Task to complete:
Transcribe the listing from its top line through the line with "using rk_map_GL[OF h, of". Keep it exact, both ends included, and add nothing.

Exercise inputs:
lemma card_rank_shift_map_GL:
  assumes h: "h \<in> GL"
  shows "card {u. length u = n \<and> rk emb u \<le> t \<and> rk emb (vadd (map h x) u) = r}
    = card {u. length u = n \<and> rk emb u \<le> t \<and> rk emb (vadd x u) = r}"
proof -
  let ?A = "{u. length u = n \<and> rk emb u \<le> t \<and> rk emb (vadd x u) = r}"
  have bij: "bij h" using h by (simp add: GL_def)
  have shift: "rk emb (vadd (map h x) (map h u)) = rk emb (vadd x u)" for u
    using rk_map_GL[OF h, of "vadd x u"] map_vadd[of h x u] GL_add[OF h] by simp
  have "{u. length u = n \<and> rk emb u \<le> t \<and> rk emb (vadd (map h x) u) = r} = map h ` ?A"
  proof (intro equalityI subsetI)
    fix u assume u: "u \<in> {u. length u = n \<and> rk emb u \<le> t \<and> rk emb (vadd (map h x) u) = r}"
    have "map h (map (inv h) u) = u" using bij by (simp add: bij_is_surj surj_f_inv_f map_idI)
    then show "u \<in> map h ` ?A"
      using u shift[of "map (inv h) u"] rk_map_GL[OF GL_inv[OF h], of u]
      by (intro image_eqI[of _ _ "map (inv h) u"]) auto
  qed (use shift rk_map_GL[OF h] in auto)
  moreover have "inj (map h)" using bij by (simp add: bij_is_inj inj_mapI)
  ultimately show ?thesis by (simp add: card_image[OF inj_on_subset[OF _ subset_UNIV]])
qed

Your response:
lemma card_rank_shift_map_GL:
  assumes h: "h \<in> GL"
  shows "card {u. length u = n \<and> rk emb u \<le> t \<and> rk emb (vadd (map h x) u) = r}
    = card {u. length u = n \<and> rk emb u \<le> t \<and> rk emb (vadd x u) = r}"
proof -
  let ?A = "{u. length u = n \<and> rk emb u \<le> t \<and> rk emb (vadd x u) = r}"
  have bij: "bij h" using h by (simp add: GL_def)
  have shift: "rk emb (vadd (map h x) (map h u)) = rk emb (vadd x u)" for u
    using rk_map_GL[OF h, of "vadd x u"] map_vadd[of h x u] GL_add[OF h] by simp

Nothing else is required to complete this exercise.